Initial Publication Date: September 20, 2024

Howard Community College: Using the TIDeS module in PHYS 106- Earth and Space Science

Beth Dushman, Howard Community College

Why I Revised My Course

About the Course

PHYS 106- Earth and Space Science

Level: Most students take this course to fulfill a general education requirement. A few students take it as a requirement for an education major. Most classes have a large variety of student majors. As HCC does not have a geology or meteorology program, there are no majors, and very, very few students who intend to continue on in Earth Science. Occasionally, students will take the course and then decide to focus on an Earth Science program when they transfer.
Size: 24 students
Format: 2 lecture sessions, 80 minutes each and one 3-hour lab per week

Syllabus for PHYS 106 Earth and Space Science (Acrobat (PDF) 397kB Sep20 24)

The original course fell into the common trap of providing a huge amount of information without asking students to engage in the process of science themselves. In this new version, students engage with scientific practices, ask questions, and analyze data many times throughout the semester, helping them to build confidence in their ability as scientists and teachers. We hope that through the TIDeS curriculum, students will feel more comfortable engaging in, and eventually teaching, the basics of science. We use real-world data and place-based examples to motivate students to learn about locations and issues that they care about, bringing science into their lives instead of thinking about abstract concepts.
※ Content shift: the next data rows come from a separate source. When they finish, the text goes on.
(* For all $\nu\in\mathbb C$ and $x\in\mathbb C\setminus\{0\}$, the following identity holds as formal power series in $t$: $$\sum_{m=0}^\infty (xt)^m R_{m,\nu}(x;q)=\sum_{j=0}^\infty\frac{q^{j\nu}q^{j(j-1)/2}(-t)^j}{(t;q)_{j+1}\,(tx^2;q)_{j+1}}.$$
   Context: Fix $0<q<1$; $(a;q)_0=1$, $(a;q)_k=\prod_{i=0}^{k-1}(1-aq^i)$. The $q$-Lommel functions $R_{m,\nu}(x;q)$ are defined by $R_{-1,\nu}=0$, $R_{0,\nu}=1$ and $R_{m+1,\nu}(x;q)=\big(x+\frac{1-q^\nu}{x}\big)R_{m,\nu+1}(x;q)-R_{m-1,\nu+2}(x;q)$ for $m\ge0$. On the right-hand side each factor $1/(t;q)_{j+1}$, $1/(tx^2;q)_{j+1}$ is expanded as a power series in $t$. *)

theory Defs
  imports "HOL-Analysis.Analysis" "HOL-Computational_Algebra.Formal_Power_Series"
begin

definition qpoch :: "'a::comm_ring_1 \<Rightarrow> 'a \<Rightarrow> nat \<Rightarrow> 'a" where
  "qpoch a q k = (\<Prod>i<k. 1 - a * q ^ i)"

text \<open>q-Lommel functions R_{m,nu}(x;q), with q^nu = exp(nu ln q) (q > 0 real).
  Recursion R_{-1}=0, R_0=1, R_{m+1,nu} = (x + (1-q^nu)/x) R_{m,nu+1} - R_{m-1,nu+2}.\<close>
fun qLommelR :: "real \<Rightarrow> nat \<Rightarrow> complex \<Rightarrow> complex \<Rightarrow> complex" where
  "qLommelR q 0 \<nu> x = 1"
| "qLommelR q (Suc 0) \<nu> x = x + (1 - complex_of_real q powr \<nu>) / x"
| "qLommelR q (Suc (Suc m)) \<nu> x =
     (x + (1 - complex_of_real q powr \<nu>) / x) * qLommelR q (Suc m) (\<nu> + 1) x
     - qLommelR q m (\<nu> + 2) x"

end

theory Submission
  imports Defs
begin

text \<open>
  Write a = q^\<nu>, let T_a(j) be the j-th summand of the right-hand side and U_a(j) the same
  expression with (t;q)_j (tx^2;q)_j as denominator. A direct computation gives the telescoping
  identity
    T_a(j) - (1 + x^2 - a) t T_{aq}(j) + x^2 t^2 T_{aq^2}(j) = U_a(j) - U_a(j+1),
  where U_a(0) = 1 and U_a(N) = O(t^N). Hence the coefficients g_a(n) of the right-hand side
  satisfy g_a(0) = 1 and g_a(n) = (1 + x^2 - a) g_{aq}(n-1) - x^2 g_{aq^2}(n-2), which, as
  aq = q^(\<nu>+1), is the recursion of x^n R_{n,\<nu>}(x;q). The identity is purely formal.
\<close>

lemma qpoch_Suc: "qpoch a q (Suc k) = qpoch a q k * (1 - a * q ^ k)"
  by (simp add: qpoch_def)

lemma fps_divide_nth_below:
  fixes f g :: "'a::field fps"
  assumes "fps_nth g 0 \<noteq> 0" and "\<And>m. m < j \<Longrightarrow> fps_nth f m = 0" and "n < j"
  shows "fps_nth (f / g) n = 0"
  unfolding fps_divide_unit[OF assms(1)] fps_mult_nth
  using assms(2,3) by (intro sum.neutral) auto

text \<open>With c = q, \<open>qlommel_term x c a\<close> is T_a and \<open>qlommel_remainder x c a\<close> is U_a.\<close>

definition qlommel_denom :: "'a::field \<Rightarrow> 'a \<Rightarrow> nat \<Rightarrow> 'a fps" where
  "qlommel_denom x c j =
     qpoch fps_X (fps_const c) j * qpoch (fps_const (x ^ 2) * fps_X) (fps_const c) j"

definition qlommel_numer :: "'a::field \<Rightarrow> 'a \<Rightarrow> nat \<Rightarrow> 'a fps" where
  "qlommel_numer c a j = fps_const (a ^ j * c ^ (j * (j - 1) div 2)) * (- fps_X) ^ j"

definition qlommel_term :: "'a::field \<Rightarrow> 'a \<Rightarrow> 'a \<Rightarrow> nat \<Rightarrow> 'a fps" where
  "qlommel_term x c a j = qlommel_numer c a j / qlommel_denom x c (Suc j)"

definition qlommel_remainder :: "'a::field \<Rightarrow> 'a \<Rightarrow> 'a \<Rightarrow> nat \<Rightarrow> 'a fps" where
  "qlommel_remainder x c a j = qlommel_numer c a j / qlommel_denom x c j"

lemma qlommel_denom_Suc:
  "qlommel_denom x c (Suc j) = qlommel_denom x c j *
     ((1 - fps_X * fps_const (c ^ j)) * (1 - fps_const (x ^ 2) * fps_X * fps_const (c ^ j)))"
  by (simp add: qlommel_denom_def qpoch_Suc mult_ac)

lemma qlommel_denom_nth_0 [simp]: "fps_nth (qlommel_denom x c j) 0 = 1"
  by (induction j) (simp_all add: qlommel_denom_Suc, simp add: qlommel_denom_def qpoch_def)

lemma qlommel_numer_eq:
  "qlommel_numer c a j = fps_const ((- 1) ^ j * a ^ j * c ^ (j * (j - 1) div 2)) * fps_X ^ j"
proof -
  have "- fps_X = fps_const (- 1 :: 'a) * fps_X"
    by simp
  then have "(- fps_X) ^ j = fps_const ((- 1) ^ j) * (fps_X ^ j :: 'a fps)"
    by (simp only: power_mult_distrib fps_const_power)
  then show ?thesis
    by (simp only: qlommel_numer_def fps_const_mult[symmetric] mult_ac)
qed

lemma qlommel_numer_nth_below: "n < j \<Longrightarrow> fps_nth (qlommel_numer c a j) n = 0"
  by (simp add: qlommel_numer_eq)

lemma qlommel_numer_scale:
  "qlommel_numer c (a * c ^ k) j = fps_const ((c ^ j) ^ k) * qlommel_numer c a j"
  by (simp add: qlommel_numer_def power_mult_distrib mult_ac flip: power_mult)

lemma qlommel_numer_Suc:
  "qlommel_numer c a (Suc j) = - (fps_const (a * c ^ j) * fps_X) * qlommel_numer c a j"
proof -
  have "Suc j * (Suc j - 1) div 2 = j * (j - 1) div 2 + j"
    by (cases j) simp_all
  then show ?thesis
    by (simp add: qlommel_numer_def power_add mult_ac)
qed

lemma qlommel_term_telescope:
  "qlommel_term x c a j - fps_const (1 + x ^ 2 - a) * fps_X * qlommel_term x c (a * c) j
     + fps_const (x ^ 2) * fps_X ^ 2 * qlommel_term x c (a * c ^ 2) j
   = qlommel_remainder x c a j - qlommel_remainder x c a (Suc j)"
proof -
  define N where "N = qlommel_numer c a j"
  define D where "D = inverse (qlommel_denom x c (Suc j))"
  define W where "W = fps_const (c ^ j)"
  define P where "P = (1 - fps_X * W) * (1 - fps_const (x ^ 2) * fps_X * W)"
  have term_eq: "qlommel_term x c b j = qlommel_numer c b j * D" for b
    by (simp add: qlommel_term_def D_def fps_divide_unit)
  have "fps_nth P 0 = 1"
    by (simp add: P_def W_def)
  then have "inverse (qlommel_denom x c j) = inverse (qlommel_denom x c j) * (inverse P * P)"
    by (simp add: inverse_mult_eq_1)
  also have "\<dots> = P * D"
    by (simp add: D_def P_def W_def qlommel_denom_Suc fps_inverse_mult mult_ac)
  finally have R0: "qlommel_remainder x c a j = N * P * D"
    by (simp add: qlommel_remainder_def N_def fps_divide_unit mult_ac)
  have R1: "qlommel_remainder x c a (Suc j) = - (fps_const a * W * fps_X) * N * D"
    by (simp add: qlommel_remainder_def N_def D_def W_def fps_divide_unit qlommel_numer_Suc mult_ac)
  have T0: "qlommel_term x c a j = N * D"
    by (simp add: term_eq N_def)
  have T1: "qlommel_term x c (a * c) j = W * N * D"
    using qlommel_numer_scale[of c a 1 j] by (simp add: term_eq N_def W_def)
  have T2: "qlommel_term x c (a * c ^ 2) j = W ^ 2 * N * D"
    using qlommel_numer_scale[of c a 2 j] by (simp add: term_eq N_def W_def)
  have C: "fps_const (1 + x ^ 2 - a) = 1 + fps_const (x ^ 2) - fps_const a"
    by simp
  show ?thesis
    unfolding T0 T1 T2 R0 R1 C P_def by algebra
qed

lemma qlommel_remainder_0: "qlommel_remainder x c a 0 = 1"
  by (simp add: qlommel_remainder_def qlommel_numer_def qlommel_denom_def qpoch_def)

lemma qlommel_partial_sum_identity:
  "(\<Sum>j<N. qlommel_term x c a j)
     - fps_const (1 + x ^ 2 - a) * fps_X * (\<Sum>j<N. qlommel_term x c (a * c) j)
     + fps_const (x ^ 2) * fps_X ^ 2 * (\<Sum>j<N. qlommel_term x c (a * c ^ 2) j)
   = 1 - qlommel_remainder x c a N"
proof -
  have "1 - qlommel_remainder x c a N
        = (\<Sum>j<N. qlommel_remainder x c a j - qlommel_remainder x c a (Suc j))"
    by (simp add: sum_lessThan_telescope' qlommel_remainder_0)
  also have "\<dots> = (\<Sum>j<N. qlommel_term x c a j
                      - fps_const (1 + x ^ 2 - a) * fps_X * qlommel_term x c (a * c) j
                      + fps_const (x ^ 2) * fps_X ^ 2 * qlommel_term x c (a * c ^ 2) j)"
    by (simp only: qlommel_term_telescope)
  finally show ?thesis
    by (simp add: sum.distrib sum_subtractf sum_distrib_left mult.assoc)
qed

lemma qlommel_partial_sum_nth_rec:
  assumes "n < N"
  shows "fps_nth (\<Sum>j<N. qlommel_term x c a j) n
      - (1 + x ^ 2 - a) * fps_nth (fps_X * (\<Sum>j<N. qlommel_term x c (a * c) j)) n
      + x ^ 2 * fps_nth (fps_X ^ 2 * (\<Sum>j<N. qlommel_term x c (a * c ^ 2) j)) n
    = (if n = 0 then 1 else 0)"
proof -
  have "fps_nth (qlommel_remainder x c a N) n = 0"
    unfolding qlommel_remainder_def
    using assms by (intro fps_divide_nth_below[of _ N]) (simp_all add: qlommel_numer_nth_below)
  then show ?thesis
    using arg_cong[OF qlommel_partial_sum_identity[of x c a N], of "\<lambda>f. fps_nth f n"]
    by (simp add: mult.assoc)
qed

lemma qLommelR_1_scaled:
  "x \<noteq> 0 \<Longrightarrow> x * qLommelR q 1 \<nu> x = 1 + x ^ 2 - complex_of_real q powr \<nu>"
  by (simp add: field_simps power2_eq_square)

lemma qLommelR_Suc_Suc_scaled:
  assumes "x \<noteq> 0"
  shows "x ^ Suc (Suc m) * qLommelR q (Suc (Suc m)) \<nu> x
    = (1 + x ^ 2 - complex_of_real q powr \<nu>) * (x ^ Suc m * qLommelR q (Suc m) (\<nu> + 1) x)
      - x ^ 2 * (x ^ m * qLommelR q m (\<nu> + 2) x)"
proof -
  have "x ^ Suc (Suc m) * qLommelR q (Suc (Suc m)) \<nu> x
        = (x ^ Suc (Suc m) * (x + (1 - complex_of_real q powr \<nu>) / x))
            * qLommelR q (Suc m) (\<nu> + 1) x
          - x ^ 2 * (x ^ m * qLommelR q m (\<nu> + 2) x)"
    by (simp add: right_diff_distrib power2_eq_square mult_ac)
  also have "x ^ Suc (Suc m) * (x + (1 - complex_of_real q powr \<nu>) / x)
        = (1 + x ^ 2 - complex_of_real q powr \<nu>) * x ^ Suc m"
    using assms by (simp add: field_simps power2_eq_square)
  finally show ?thesis
    by (simp only: mult.assoc)
qed

lemma qlommel_partial_sum_nth:
  fixes q :: real and \<nu> x :: complex
  assumes "q \<noteq> 0" and "x \<noteq> 0" and "n < N"
  shows "fps_nth (\<Sum>j<N. qlommel_term x (complex_of_real q) (complex_of_real q powr \<nu>) j) n
    = x ^ n * qLommelR q n \<nu> x"
  using assms
proof (induction q n \<nu> x rule: qLommelR.induct)
  case (1 q \<nu> x)
  then show ?case
    using qlommel_partial_sum_nth_rec[of 0 N x "complex_of_real q" "complex_of_real q powr \<nu>"]
    by simp
next
  case (2 q \<nu> x)
  define c where "c = complex_of_real q"
  have "fps_nth (\<Sum>j<N. qlommel_term x c (c powr \<nu> * c) j) 0 = 1"
    using qlommel_partial_sum_nth_rec[of 0 N x c "c powr \<nu> * c"] 2 by simp
  then show ?case
    using qlommel_partial_sum_nth_rec[of 1 N x c "c powr \<nu>"] qLommelR_1_scaled[of x q \<nu>] 2
    by (simp add: c_def)
next
  case (3 q m \<nu> x)
  define c where "c = complex_of_real q"
  define S where "S b = (\<Sum>j<N. qlommel_term x c b j)" for b
  have "c \<noteq> 0"
    using 3 by (simp add: c_def)
  then have "c powr (\<nu> + 1) = c powr \<nu> * c" and "c powr (\<nu> + 2) = c powr \<nu> * c ^ 2"
    using powr_nat'[of c 1] powr_nat'[of c 2] by (simp_all add: powr_add)
  then have IH1: "fps_nth (S (c powr \<nu> * c)) (Suc m) = x ^ Suc m * qLommelR q (Suc m) (\<nu> + 1) x"
    and IH2: "fps_nth (S (c powr \<nu> * c ^ 2)) m = x ^ m * qLommelR q m (\<nu> + 2) x"
    using 3 by (simp_all add: S_def c_def)
  have "fps_nth (S (c powr \<nu>)) (Suc (Suc m))
      - (1 + x ^ 2 - c powr \<nu>) * fps_nth (S (c powr \<nu> * c)) (Suc m)
      + x ^ 2 * fps_nth (S (c powr \<nu> * c ^ 2)) m = 0"
    using qlommel_partial_sum_nth_rec[of "Suc (Suc m)" N x c "c powr \<nu>"] 3
    by (simp add: S_def fps_X_power_mult_nth)
  then have "fps_nth (S (c powr \<nu>)) (Suc (Suc m))
      = (1 + x ^ 2 - c powr \<nu>) * (x ^ Suc m * qLommelR q (Suc m) (\<nu> + 1) x)
        - x ^ 2 * (x ^ m * qLommelR q m (\<nu> + 2) x)"
    unfolding IH1 IH2 by (simp add: eq_diff_eq diff_add_eq diff_eq_eq)
  also have "\<dots> = x ^ Suc (Suc m) * qLommelR q (Suc (Suc m)) \<nu> x"
    unfolding c_def using qLommelR_Suc_Suc_scaled[OF \<open>x \<noteq> 0\<close>] by (rule sym)
  finally show ?case
    unfolding S_def c_def .
qed

lemma qlommel_term_sums:
  fixes q :: real and \<nu> x :: complex
  assumes "q \<noteq> 0" and "x \<noteq> 0"
  shows "qlommel_term x (complex_of_real q) (complex_of_real q powr \<nu>)
           sums Abs_fps (\<lambda>m. x ^ m * qLommelR q m \<nu> x)"
  unfolding sums_def
proof (rule tendsto_fpsI)
  fix n
  show "\<forall>\<^sub>F N in sequentially.
          fps_nth (\<Sum>j<N. qlommel_term x (complex_of_real q) (complex_of_real q powr \<nu>) j) n
          = fps_nth (Abs_fps (\<lambda>m. x ^ m * qLommelR q m \<nu> x)) n"
    using eventually_gt_at_top[of n]
    by eventually_elim (simp add: assms qlommel_partial_sum_nth)
qed

theorem mainTheorem14:
  fixes q :: real and \<nu> x :: complex
  assumes "0 < q" and "q < 1" and "x \<noteq> 0"
  shows "(\<lambda>j. fps_const ((complex_of_real q powr \<nu>) ^ j * complex_of_real (q ^ (j * (j - 1) div 2)))
              * (- fps_X) ^ j
              / (qpoch fps_X (fps_const (complex_of_real q)) (Suc j)
                 * qpoch (fps_const (x ^ 2) * fps_X) (fps_const (complex_of_real q)) (Suc j)))
         sums Abs_fps (\<lambda>m. x ^ m * qLommelR q m \<nu> x)"
  using qlommel_term_sums[of q x \<nu>] assms
  by (simp add: qlommel_term_def[abs_def] qlommel_numer_def qlommel_denom_def)

end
The TIDeS labs were a useful learning tool which took the lessons from lecture and gave an understandable context for them. They were most beneficial for my learning due to the high amount of student participation and engaging discussion.


My Experience Teaching with TIDeS Materials

I ended up mostly using these activities in lab, with a few of them in lecture. Overall, though, I found that I needed to do some more traditional lecturing (although I tried to break it up to smaller chunks) to get students up to speed for each activity.

A Unit-by-Unit Breakdown of How I Taught this Module

Assessments

Each TIDeS activity was graded according to the rubric on the worksheets. Most of them were used as lab activities, and some were in lecture class. I still gave traditional exams, but because there were more points available overall from the in-class activities, the exams were slightly lower stakes. Furthermore, all of the exams included open-ended questions where students were asked to share specific things they learned or found particularly useful or interesting. This gave the students a chance to reflect on what they learned and helped boost confidence in test-taking.

Outcomes

Student feedback showed that students felt much more comfortable with the processes of science and in their own ability to do science, which was the major outcome for the project. Student feedback also indicated that they recognized the importance of Earth Science in their non-academic lives and in local and global socioeconomic and geopolitical issues.